Importantly, ECT has shown notable effectiveness even in elderly and frail patients, a population frequently excluded from systemic therapeutic strategies, thus broadening its applicability in both curative and palliative contexts. The potential for combining ECT with systemic agents or innovative approaches highlights an expanding field of translational research that may further enhance its clinical utility. Despite the inherent limitations of the currently available studies—including methodological heterogeneity and the predominance of retrospective designs—the cumulative evidence supports ECT as a valuable, minimally invasive, and effective treatment modality for local disease control and quality-of-life improvement in patients with breast cancer cutaneous metastases.

4. Comparison with Other Therapeutic Options

The main locoregional techniques for treating cutaneous metastases are surgery, radiotherapy, photodynamic therapy, and electrochemotherapy. Immunotherapy and targeted agents are systemic treatments whose impact on cutaneous lesions is context-dependent and not directly comparable with procedures aimed at local control.

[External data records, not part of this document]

lemma top_poly_eval:
  assumes fresh: "\<forall>i. word_of (P n) i \<noteq> [] \<longrightarrow> b' (aux_var n i 0) = normalized_word b (word_of (P n) i)"
  shows "spoly_eval b' (top_poly P n) = spoly_eval b (P n)"
proof -
  have term_eq: "(\<lambda>(c, w). cscale c (word_eval b' w)) (top_poly P n ! i) =
      (\<lambda>(c, w). cscale c (word_eval b w)) (P n ! i)" if "i < length (P n)" for i
  proof -
    obtain c w where cw: "P n ! i = (c, w)" by fastforce
    then have "word_of (P n) i = w" using that by (simp add: word_of_def)
    then show ?thesis
      using that cw fresh cscale_weight_normalized_word[of c w b]
      by (simp add: top_poly_def cscale_zero_right del: word_weight.simps)
  qed
  have "length (top_poly P n) = length (P n)" by (simp add: top_poly_def)
  then show ?thesis
    using term_eq by (simp add: spoly_eval_def sum_list_sum_nth)
qed

definition extend_assignment :: "(nat \<Rightarrow> 'a::cstar_algebra) \<Rightarrow> (nat \<Rightarrow> 'a spoly) \<Rightarrow> nat \<Rightarrow> 'a" where
  "extend_assignment b P v = (if even v then b (v div 2) else
     (case prod_decode (v div 2) of (n, ij) \<Rightarrow> case prod_decode ij of (i, j) \<Rightarrow>
        normalized_word b (drop j (word_of (P n) i))))"

lemma extend_assignment_aux_var:
  "extend_assignment b P (aux_var n i j) = normalized_word b (drop j (word_of (P n) i))"
  by (simp add: extend_assignment_def aux_var_def)

lemma extend_assignment_even: "\<forall>k. extend_assignment b P (2 * k) = b k"
  by (simp add: extend_assignment_def)

lemma extend_assignment_in_unit_ball:
  "in_unit_ball b \<Longrightarrow> in_unit_ball (extend_assignment b P)"
  using norm_normalized_word_le by (auto simp: extend_assignment_def split: prod.splits)

lemma link_poly_extend_assignment: "spoly_eval (extend_assignment b P) (link_poly P n i j) = 0"
proof (cases "drop j (word_of (P n) i)")
  case Nil then show ?thesis by (simp add: link_poly_def spoly_eval_def)
next
  case (Cons l s')
  then show ?thesis
    using drop_Suc_eq_tail[OF Cons]
    by (simp add: link_poly_eval extend_assignment_aux_var normalized_word_Cons
                  letter_eval_lift_letter[OF extend_assignment_even])
qed

lemma top_poly_extend_assignment:
  "spoly_eval (extend_assignment b P) (top_poly P n) = spoly_eval b (P n)"
  by (rule top_poly_eval) (simp add: extend_assignment_aux_var)

text \<open>Conversely, the link equations force the fresh variables to hold the normalised
suffixes of the restriction to the old variables (backward induction along the word).\<close>

lemma link_poly_forces_suffix:
  assumes restrict: "\<forall>k. b' (2 * k) = b k"
    and link: "\<forall>j. spoly_eval b' (link_poly P n i j) = 0"
  shows "drop j (word_of (P n) i) \<noteq> [] \<Longrightarrow> b' (aux_var n i j) = normalized_word b (drop j (word_of (P n) i))"
proof (induction "length (word_of (P n) i) - j" arbitrary: j rule: less_induct)
  case less
  obtain l s' where suffix: "drop j (word_of (P n) i) = l # s'"
    using less.prems by (cases "drop j (word_of (P n) i)") auto
  have tail: "drop (Suc j) (word_of (P n) i) = s'"
    using suffix by (rule drop_Suc_eq_tail)
  have step: "b' (aux_var n i j) = suffix_step l s' (letter_eval b l) (b' (aux_var n i (Suc j)))"
    using link[rule_format, of j] link_poly_eval[where P = P and n = n, OF suffix, of b']
    by (simp add: letter_eval_lift_letter[OF restrict])
  have "suffix_step l s' (letter_eval b l) (b' (aux_var n i (Suc j))) =
        suffix_step l s' (letter_eval b l) (normalized_word b s')"
  proof (cases "s' = []")
    case False
    have shorter: "length (word_of (P n) i) - Suc j < length (word_of (P n) i) - j"
      using less.prems by simp
    show ?thesis using less.hyps[OF shorter] tail False by simp
  qed (simp add: suffix_step_def)
  then show ?case using step suffix by (simp add: normalized_word_Cons)
qed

Systemic chemotherapy remains standard for disseminated disease; systemic ORR in mBC varies by regimen and subtype, with cutaneous control depending on overall disease dynamics [55,56]. Radiotherapy (RT) is a valuable option, particularly for metastases located in areas that are difficult to operate on, providing meaningful pain relief and tumor size reduction. Response rates range from 60% to 80% for superficial lesions but are lower for deeper metastases [57]. Furthermore, multiple treatment sessions are usually required, and complete responses are relatively uncommon. Photodynamic therapy (PDT) offers a non-invasive option for superficial and visible metastases, with minimal toxicity such as pain or erythema at the treatment site. Nevertheless, available data are limited, with reported response rates between 50% and 70% but lacking randomized controlled trials (RCTs). Its use is restricted to superficial disease and is not applicable to all tumor types [58]. Surgery remains the most radical approach for well-defined, localized metastases, ensuring high response rates of up to 90%. However, the main drawbacks include the invasiveness of the procedure, risk of recurrence if excision is incomplete, and aesthetic or functional sequelae such as scarring or wound complications [59].

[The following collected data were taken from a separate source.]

(* Let $p \in (0,\tfrac12)$ and $c\in(0,1)$ be constants. Every (possibly randomized, possibly adaptive) algorithm that solves FT-Min$(k)$ on $n$ elements with high probability, for $1 \le k \le c\cdot n$, performs an expected number of comparisons of $\Omega(\frac{n}{k}\log n)$ (on some input instance), where the hidden constant depends only on $p$ and $c$.
   Context: FT-Min$(k)$ (fault-tolerant approximate minimum selection): the input is a set $S$ of $n$ distinct elements of a totally ordered set; the algorithm can access the order only through pairwise comparisons. A comparison of distinct $x,y$ reports "$x<y$" or "$x>y$", and reports the wrong relation with probability (at most) $p$, independently of all other comparisons (repeated comparisons of the same pair are also independent). The goal is to output one of the $k$ smallest elements of $S$. An algorithm solves it with high probability if on every input it outputs one of the $k$ smallest elements with probability at least $1-\frac1n$. Algorithms may be randomized and adaptive. *)

theory Defs
  imports "HOL-Probability.Probability"
begin

text \<open>Model of a randomized adaptive noisy-comparison algorithm on the elements
  0,...,n-1.  The algorithm is a (countable-state) probabilistic automaton:
  states are natural numbers, the initial state is drawn from a pmf, and in each
  state the algorithm either outputs an element or compares two elements and then
  moves (possibly randomly, depending on the reported answer) to a new state.
  Internal randomness between comparisons is folded into these transitions.\<close>

datatype act = is_Cmp: Cmp nat nat "bool \<Rightarrow> nat pmf" | Out nat

text \<open>The input: a rk function which is a bijection of {0..<n}; element x has
  rk (position in the sorted order) rk x.  The true answer to the query
  "i < j ?" (ill-formed queries have answer False, i.e. carry no information).\<close>

definition true_answer :: "nat \<Rightarrow> (nat \<Rightarrow> nat) \<Rightarrow> nat \<Rightarrow> nat \<Rightarrow> bool" where
  "true_answer n rk i j = (i < n \<and> j < n \<and> i \<noteq> j \<and> rk i < rk j)"

definition step_pmf ::
  "real \<Rightarrow> nat \<Rightarrow> (nat \<Rightarrow> nat) \<Rightarrow> (nat \<Rightarrow> act) \<Rightarrow> nat \<Rightarrow> nat pmf" where
  "step_pmf p n rk alg s =
     (case alg s of
        Cmp i j f \<Rightarrow> bind_pmf (bernoulli_pmf p) (\<lambda>err. f (err \<noteq> true_answer n rk i j))
      | Out x \<Rightarrow> return_pmf s)"

fun state_dist ::
  "real \<Rightarrow> nat \<Rightarrow> (nat \<Rightarrow> nat) \<Rightarrow> nat pmf \<Rightarrow> (nat \<Rightarrow> act) \<Rightarrow> nat \<Rightarrow> nat pmf" where
  "state_dist p n rk s0 alg 0 = s0"
| "state_dist p n rk s0 alg (Suc t) =
     bind_pmf (state_dist p n rk s0 alg t) (step_pmf p n rk alg)"

text \<open>Expected number of comparisons: E[T] = sum over t of Pr[T > t]
  (infinite if the algorithm does not terminate with positive probability).\<close>

definition expected_comparisons ::
  "real \<Rightarrow> nat \<Rightarrow> (nat \<Rightarrow> nat) \<Rightarrow> nat pmf \<Rightarrow> (nat \<Rightarrow> act) \<Rightarrow> ennreal" where
  "expected_comparisons p n rk s0 alg =
     (\<Sum>t. ennreal (measure_pmf.prob (state_dist p n rk s0 alg t) {s. is_Cmp (alg s)}))"

definition success_prob ::
  "real \<Rightarrow> nat \<Rightarrow> nat \<Rightarrow> (nat \<Rightarrow> nat) \<Rightarrow> nat pmf \<Rightarrow> (nat \<Rightarrow> act) \<Rightarrow> real" where
  "success_prob p n k rk s0 alg =
     (SUP t. measure_pmf.prob (state_dist p n rk s0 alg t)
               {s. \<exists>x. alg s = Out x \<and> x < n \<and> rk x < k})"

definition solves_ft_min_whp ::
  "real \<Rightarrow> nat \<Rightarrow> nat \<Rightarrow> nat pmf \<Rightarrow> (nat \<Rightarrow> act) \<Rightarrow> bool" where
  "solves_ft_min_whp p n k s0 alg =
     (\<forall>rk. bij_betw rk {..<n} {..<n} \<longrightarrow> success_prob p n k rk s0 alg \<ge> 1 - 1 / real n)"

end

theory Submission
  imports Defs
begin

(* The hard input is the sorted one, rk = id.  If the input is changed to another ranking rk2,
   only the answers to queries that distinguish id from rk2 change in distribution, so on a run
   with c distinguishing queries the likelihood ratio is at least (p/(1-p))^c.  Hence, if some set
   of outputs has probability q under id but is wrong under rk2, the algorithm must make about
   q log n / log((1-p)/p) distinguishing queries in expectation, or it would fail on rk2 with
   probability more than 1/n.
   For k <= n/4, cut the ranks above k into about n/k blocks of size k: moving one block to the
   bottom makes every output of rank < k wrong, and the least touched block is involved in only
   an O(k/n) fraction of all queries.  For larger k, cut the k smallest elements into blocks of
   size n - k and move the block that is output most often to the top. *)

lemma scaled_prob_le:
  fixes M N :: "'a pmf"
  assumes "0 \<le> r" and "\<And>x. x \<in> A \<Longrightarrow> r * pmf M x \<le> pmf N x"
  shows "r * measure_pmf.prob M A \<le> measure_pmf.prob N A"
proof -
  have "ennreal (r * measure_pmf.prob M A) = (\<integral>\<^sup>+x. ennreal (r * pmf M x) \<partial>count_space A)"
    using assms(1) by (simp add: ennreal_mult nn_integral_cmult nn_integral_pmf
        measure_pmf.emeasure_eq_measure)
  also have "\<dots> \<le> (\<integral>\<^sup>+x. ennreal (pmf N x) \<partial>count_space A)"
    using assms(2) by (intro nn_integral_mono ennreal_leI) auto
  also have "\<dots> = ennreal (measure_pmf.prob N A)"
    by (simp add: nn_integral_pmf measure_pmf.emeasure_eq_measure)
  finally show ?thesis by simp
qed

lemma scaled_pmf_bind_le:
  assumes "0 \<le> r" and "\<And>x. r * (pmf M x * pmf (f x) y) \<le> pmf N x * pmf (g x) y"
  shows "r * pmf (bind_pmf M f) y \<le> pmf (bind_pmf N g) y"
proof -
  have "ennreal (r * pmf (bind_pmf M f) y) = (\<integral>\<^sup>+x. ennreal (r * (pmf M x * pmf (f x) y)) \<partial>count_space UNIV)"
    using assms(1) by (simp add: ennreal_pmf_bind nn_integral_measure_pmf ennreal_mult
        nn_integral_cmult mult_ac)
  also have "\<dots> \<le> (\<integral>\<^sup>+x. ennreal (pmf N x * pmf (g x) y) \<partial>count_space UNIV)"
    using assms(2) by (intro nn_integral_mono ennreal_leI) auto
  also have "\<dots> = ennreal (pmf (bind_pmf N g) y)"
    by (simp add: ennreal_pmf_bind nn_integral_measure_pmf ennreal_mult)
  finally show ?thesis by simp
qed

definition distinguishes :: "nat \<Rightarrow> (nat \<Rightarrow> nat) \<Rightarrow> (nat \<Rightarrow> nat) \<Rightarrow> (nat \<Rightarrow> act) \<Rightarrow> nat \<Rightarrow> bool"
  where "distinguishes n rk1 rk2 alg s =
    (case alg s of Cmp i j f \<Rightarrow> true_answer n rk1 i j \<noteq> true_answer n rk2 i j | Out x \<Rightarrow> False)"

lemma distinguishes_imp_is_Cmp: "distinguishes n rk1 rk2 alg s \<Longrightarrow> is_Cmp (alg s)"
  by (cases "alg s") (auto simp: distinguishes_def)

fun counted_state_dist ::
  "real \<Rightarrow> nat \<Rightarrow> (nat \<Rightarrow> nat) \<Rightarrow> nat pmf \<Rightarrow> (nat \<Rightarrow> act) \<Rightarrow> (nat \<Rightarrow> bool) \<Rightarrow> nat \<Rightarrow> (nat \<times> nat) pmf"
  where
    "counted_state_dist p n rk s0 alg D 0 = map_pmf (\<lambda>s. (s, 0)) s0"
  | "counted_state_dist p n rk s0 alg D (Suc t) =
       bind_pmf (counted_state_dist p n rk s0 alg D t)
         (\<lambda>(s, c). map_pmf (\<lambda>s'. (s', if D s then Suc c else c)) (step_pmf p n rk alg s))"

lemma map_fst_counted_state_dist:
  "map_pmf fst (counted_state_dist p n rk s0 alg D t) = state_dist p n rk s0 alg t"
proof (induction t)
  case (Suc t)
  have "map_pmf fst (counted_state_dist p n rk s0 alg D (Suc t))
      = bind_pmf (counted_state_dist p n rk s0 alg D t) (\<lambda>x. step_pmf p n rk alg (fst x))"
    by (simp add: map_bind_pmf pmf.map_comp o_def split_beta)
  also have "\<dots> = bind_pmf (map_pmf fst (counted_state_dist p n rk s0 alg D t)) (step_pmf p n rk alg)"
    by (simp add: bind_map_pmf)
  finally show ?case using Suc by simp
qed (simp add: pmf.map_comp o_def)

lemma nn_integral_count_counted_state_dist:
  "(\<integral>\<^sup>+x. of_nat (snd x) \<partial>counted_state_dist p n rk s0 alg D t)
     = (\<Sum>t'<t. ennreal (measure_pmf.prob (state_dist p n rk s0 alg t') {s. D s}))"
proof (induction t)
  case (Suc t)
  let ?J = "counted_state_dist p n rk s0 alg D t"
  have "(\<integral>\<^sup>+x. of_nat (snd x) \<partial>counted_state_dist p n rk s0 alg D (Suc t))
      = (\<integral>\<^sup>+x. of_nat (snd x) + indicator {x. D (fst x)} x \<partial>?J)"
    by (auto simp: measure_pmf.emeasure_space_1 split_beta intro!: nn_integral_cong
        split: split_indicator)
  also have "\<dots> = (\<integral>\<^sup>+x. of_nat (snd x) \<partial>?J) + emeasure (map_pmf fst ?J) {s. D s}"
    by (subst nn_integral_add) (auto simp: vimage_def)
  finally show ?case
    using Suc by (simp add: map_fst_counted_state_dist measure_pmf.emeasure_eq_measure)
qed simp

lemma prob_count_exceeds_le:
  "measure_pmf.prob (counted_state_dist p n rk s0 alg D t) {x. m < snd x}
     \<le> (\<Sum>t'<t. measure_pmf.prob (state_dist p n rk s0 alg t') {s. D s}) / real (Suc m)"
proof -
  let ?J = "counted_state_dist p n rk s0 alg D t"
  have "emeasure ?J {x. m < snd x} * of_nat (Suc m) = (\<integral>\<^sup>+x. of_nat (Suc m) * indicator {x. m < snd x} x \<partial>?J)"
    by (simp add: nn_integral_cmult_indicator mult.commute)
  also have "\<dots> \<le> (\<integral>\<^sup>+x. of_nat (snd x) \<partial>?J)"
    by (intro nn_integral_mono) (auto split: split_indicator simp del: of_nat_Suc intro!: of_nat_mono)
  also have "\<dots> = ennreal (\<Sum>t'<t. measure_pmf.prob (state_dist p n rk s0 alg t') {s. D s})"
    by (simp add: nn_integral_count_counted_state_dist sum_ennreal)
  finally have "measure_pmf.prob ?J {x. m < snd x} * real (Suc m)
      \<le> (\<Sum>t'<t. measure_pmf.prob (state_dist p n rk s0 alg t') {s. D s})"
    by (simp del: of_nat_Suc add: measure_pmf.emeasure_eq_measure ennreal_of_nat_eq_real_of_nat
        sum_nonneg flip: ennreal_mult)
  then show ?thesis by (simp add: field_simps)
qed

lemma swapped_mixture_ratio_le:
  fixes p X Y :: real
  assumes "0 < p" "p < 1/2" "0 \<le> X" "0 \<le> Y"
  shows "p / (1 - p) * (X * p + Y * (1 - p)) \<le> Y * p + X * (1 - p)"
proof -
  have "p * p \<le> (1 - p) * (1 - p)" using assms by (intro mult_mono) auto
  then have "X * (p * p) \<le> X * ((1 - p) * (1 - p))" using assms by (intro mult_left_mono)
  then show ?thesis using assms by (simp add: field_simps)
qed

lemma step_pmf_likelihood_ratio:
  assumes p: "0 < p" "p < 1/2"
  shows "(p / (1 - p)) ^ (if distinguishes n rk1 rk2 alg s then 1 else 0) * pmf (step_pmf p n rk1 alg s) s'
           \<le> pmf (step_pmf p n rk2 alg s) s'"
proof (cases "alg s")
  case (Cmp i j f)
  have step: "pmf (step_pmf p n rk alg s) s'
      = pmf (f (\<not> true_answer n rk i j)) s' * p + pmf (f (true_answer n rk i j)) s' * (1 - p)" for rk
    using p by (simp add: step_pmf_def Cmp pmf_bind)
  show ?thesis
  proof (cases "true_answer n rk1 i j = true_answer n rk2 i j")
    case False
    then have "true_answer n rk2 i j = (\<not> true_answer n rk1 i j)" by auto
    then show ?thesis
      using False swapped_mixture_ratio_le[OF p pmf_nonneg pmf_nonneg]
      by (simp add: step distinguishes_def Cmp)
  qed (simp add: step distinguishes_def Cmp)
qed (simp add: distinguishes_def step_pmf_def)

Electrochemotherapy (ECT), by combining electroporation with cytotoxic drugs, enhances intracellular drug uptake at lower doses and has shown remarkable efficacy in superficial and localized metastases. Reported clinical response rates reach 70–80%, with complete response (CR) achieved in approximately 57.5% of cases. Side effects are generally local and manageable, although efficacy decreases significantly in deep-seated lesions or those larger than 3 cm in diameter.

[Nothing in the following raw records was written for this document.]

(* By the definition of the quotient topology on pi_1, it suffices that every loop beta at
   the base point can be moved, inside any basic compact-open neighbourhood
   {g. g ` K_i <= U_i for all i}, to a loop homotopic to p o alpha for some loop alpha at a.
   Let E = p(closure A).  Two facts about X/A drive the construction: the base point is an
   open point (A is open), and every open set meeting E contains the base point (points of E
   are limits of A).  Conditions whose U_i contains the base point are harmless; the times in
   the remaining K_i lie outside the closed set beta^-1(E), so they are covered by finitely
   many gaps of beta^-1(E), on whose closures beta avoids the base point.  Keeping beta on
   these intervals and sending all other times to the base point gives a continuous loop
   beta' in the neighbourhood; lifting beta on the intervals and joining the lifts through
   the path connected closure of A gives alpha.  Finally p o alpha and beta' agree up to
   specialisation: wherever beta'(t) is the base point, p(alpha(t)) lies in E.  This makes
   them homotopic. *)

section \<open>Quotient topologies and gluing of paths\<close>

lemma topspace_quotient_topology: "topspace (quotient_topology T f) = f ` topspace T"
proof -
  have "{y \<in> topspace T. f y \<in> f ` topspace T} = topspace T" by auto
  then have "openin (quotient_topology T f) (f ` topspace T)"
    unfolding openin_quotient_topology by auto
  moreover have "topspace (quotient_topology T f) \<subseteq> f ` topspace T"
    using openin_topspace[of "quotient_topology T f"] unfolding openin_quotient_topology by blast
  ultimately show ?thesis by (simp add: openin_subset subset_antisym)
qed

lemma continuous_map_quotient: "continuous_map T (quotient_topology T f) f"
  unfolding continuous_map_def topspace_quotient_topology openin_quotient_topology
  by auto

lemma prod_top_of_set: "prod_topology (top_of_set S) (top_of_set T) = top_of_set (S \<times> T)"
  by (metis prod_topology_euclidean subtopology_Times)

lemma continuous_map_reparam:
  assumes "continuous_on D \<phi>" "\<phi> ` D \<subseteq> D'" "continuous_map (top_of_set D') X h"
  shows "continuous_map (top_of_set D) X (\<lambda>x. h (\<phi> x))"
proof -
  have "continuous_map (top_of_set D) (top_of_set D') \<phi>"
    using assms(1,2) by (auto simp: continuous_map_in_subtopology)
  from continuous_map_compose[OF this assms(3)] show ?thesis by (simp add: o_def)
qed

lemma continuous_map_join_intervals:
  fixes u v w :: real
  assumes uv: "u \<le> v" and vw: "v \<le> w"
    and f: "continuous_map (top_of_set {u..v}) X f"
    and g: "continuous_map (top_of_set {v..w}) X g"
    and fg: "f v = g v"
  shows "continuous_map (top_of_set {u..w}) X (\<lambda>t. if t \<le> v then f t else g t)"
proof -
  have f': "continuous_map (top_of_set {u..w}) X (\<lambda>t. f (max u (min v t)))"
    by (rule continuous_map_reparam[OF _ _ f]) (use uv in \<open>auto intro!: continuous_intros\<close>)
  have g': "continuous_map (top_of_set {u..w}) X (\<lambda>t. g (min w (max v t)))"
    by (rule continuous_map_reparam[OF _ _ g]) (use vw in \<open>auto intro!: continuous_intros\<close>)
  have "continuous_map (top_of_set {u..w}) X
          (\<lambda>t. if t \<le> v then f (max u (min v t)) else g (min w (max v t)))"
    by (rule continuous_map_cases_le)
       (use fg vw in \<open>auto intro: continuous_map_from_subtopology[OF f'] continuous_map_from_subtopology[OF g']\<close>)
  then show ?thesis
    by (rule continuous_map_eq) auto
qed

section \<open>Basic neighbourhoods in the loop space\<close>

text \<open>A finite family of compact-open conditions \<open>g ` K \<subseteq> U\<close> (\<open>K \<subseteq> [0,1]\<close> compact, \<open>U\<close> open);
  the sets of loops obeying such a family form a base of the loop space.\<close>
definition compact_open_constraints :: "'a topology \<Rightarrow> (real set \<times> 'a set) set \<Rightarrow> bool" where
  "compact_open_constraints X P \<longleftrightarrow> finite P \<and>
     (\<forall>z\<in>P. compactin (top_of_set {0..1::real}) (fst z) \<and> openin X (snd z))"

definition obeys :: "(real set \<times> 'a set) set \<Rightarrow> (real \<Rightarrow> 'a) \<Rightarrow> bool" where
  "obeys P g \<longleftrightarrow> (\<forall>z\<in>P. g ` fst z \<subseteq> snd z)"

lemma topspace_loop_space: "topspace (loop_space X x) = loops X x"
proof -
  have "loops X x \<in> {{g \<in> loops X x. g ` K \<subseteq> U} | K U.
                      compactin (top_of_set {0..1::real}) K \<and> openin X U}"
    by (rule CollectI, rule exI[of _ "{}"], rule exI[of _ "topspace X"]) auto
  then show ?thesis unfolding loop_space_def topology_generated_by_topspace by blast
qed

lemma loop_space_nbhd:
  assumes "openin (loop_space X x) V" and "\<beta> \<in> V"
  obtains P where "compact_open_constraints X P" "obeys P \<beta>"
    "\<And>g. g \<in> loops X x \<Longrightarrow> obeys P g \<Longrightarrow> g \<in> V"
proof -
  have "generate_topology_on {{g \<in> loops X x. g ` K \<subseteq> U} | K U.
          compactin (top_of_set {0..1::real}) K \<and> openin X U} V"
    using assms(1) unfolding loop_space_def openin_topology_generated_by_iff .
  then have "\<exists>P. compact_open_constraints X P \<and> obeys P \<beta> \<and> (\<forall>g\<in>loops X x. obeys P g \<longrightarrow> g \<in> V)"
    using assms(2)
  proof (induction arbitrary: \<beta> rule: generate_topology_on.induct)
    case Empty
    then show ?case by simp
  next
    case (Int V1 V2)
    obtain P1 where P1:
      "compact_open_constraints X P1" "obeys P1 \<beta>" "\<forall>g\<in>loops X x. obeys P1 g \<longrightarrow> g \<in> V1"
      using Int.IH(1)[of \<beta>] Int.prems by blast
    obtain P2 where P2:
      "compact_open_constraints X P2" "obeys P2 \<beta>" "\<forall>g\<in>loops X x. obeys P2 g \<longrightarrow> g \<in> V2"
      using Int.IH(2)[of \<beta>] Int.prems by blast
    have "compact_open_constraints X (P1 \<union> P2) \<and> obeys (P1 \<union> P2) \<beta> \<and>
          (\<forall>g\<in>loops X x. obeys (P1 \<union> P2) g \<longrightarrow> g \<in> V1 \<inter> V2)"
      using P1 P2 by (simp add: compact_open_constraints_def obeys_def ball_Un)
    then show ?case by blast
  next
    case (UN \<V>)
    then obtain V' where "V' \<in> \<V>" "\<beta> \<in> V'" by blast
    then obtain P where
      "compact_open_constraints X P" "obeys P \<beta>" "\<forall>g\<in>loops X x. obeys P g \<longrightarrow> g \<in> V'"
      using UN.IH by blast
    then show ?case using \<open>V' \<in> \<V>\<close> by blast
  next
    case (Basis V)
    then obtain K U where V: "V = {g \<in> loops X x. g ` K \<subseteq> U}"
      "compactin (top_of_set {0..1::real}) K" "openin X U" by blast
    have "compact_open_constraints X {(K, U)} \<and> obeys {(K, U)} \<beta> \<and>
          (\<forall>g\<in>loops X x. obeys {(K, U)} g \<longrightarrow> g \<in> V)"
      using V Basis.prems by (simp add: compact_open_constraints_def obeys_def)
    then show ?case by blast
  qed
  then show ?thesis using that by blast
qed

section \<open>Homotopies of loops and density in the fundamental group\<close>

lemma loops_pathin: "g \<in> loops X x \<Longrightarrow> continuous_map (top_of_set {0..1}) X g"
  by (simp add: loops_def pathin_def)

lemma loop_homotopic_refl:
  assumes "g \<in> loops X x" shows "loop_homotopic X x g g"
proof -
  have "continuous_map (top_of_set ({0..1::real} \<times> {0..1::real})) X (\<lambda>z. g (snd z))"
    by (rule continuous_map_reparam[OF _ _ loops_pathin[OF assms]]) (auto intro!: continuous_intros)
  then show ?thesis unfolding loop_homotopic_def prod_top_of_set
    by (intro exI[of _ "\<lambda>z. g (snd z)"]) (use assms in \<open>auto simp: loops_def\<close>)
qed

lemma loop_homotopic_sym:
  assumes "loop_homotopic X x g g'" shows "loop_homotopic X x g' g"
proof -
  obtain h where h: "continuous_map (top_of_set ({0..1::real} \<times> {0..1::real})) X h"
    "\<forall>s\<in>{0..1}. h (0, s) = g s \<and> h (1, s) = g' s" "\<forall>t\<in>{0..1}. h (t, 0) = x \<and> h (t, 1) = x"
    using assms unfolding loop_homotopic_def prod_top_of_set by blast
  have "continuous_map (top_of_set ({0..1::real} \<times> {0..1::real})) X (\<lambda>z. h (1 - fst z, snd z))"
    by (rule continuous_map_reparam[OF _ _ h(1)]) (auto intro!: continuous_intros)
  then show ?thesis unfolding loop_homotopic_def prod_top_of_set
    by (intro exI[of _ "\<lambda>z. h (1 - fst z, snd z)"]) (use h in auto)
qed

When therapeutic alternatives are limited, ECT could represent a good local treatment option for disease control. ECT can be used in areas that have already been pre-treated and it also can reach sensitive locations, such as the face. The temporary pore formation in the membrane with the ECT technique makes it more permeable to molecules that are otherwise poorly permeable or impermeable. Compared to chemotherapy, ECT requires lower drug doses administration (e.g., Bleomycin and Cisplatin) while achieving greater effectiveness in tumor tissue. Additionally, ECT reduces blood flow, allowing for a prolonged cytostatic effect within the tumor tissue [26].
In summary, while surgery and ECT represent the most effective strategies for localized cutaneous metastases, CT and RT are more suitable for systemic or complex disease scenarios, and PDT may serve as a complementary option in selected cases.
The comparison of the main therapeutic options for the treatment of cutaneous metastases, including their advantages, limitations, and response rates, is summarized in Table 2.

5. Challenges and Future Directions

Electrochemotherapy (ECT) has proven to be an effective and safe treatment for cutaneous metastases. The varying response rates reported in the literature can be attributed to factors such as the size of the treated lesions, the type of primary tumor, the procedures used, and the patient’s characteristics. For this reason, it is essential to standardize the treatment, carefully select patients, and determine the appropriate timing for its administration.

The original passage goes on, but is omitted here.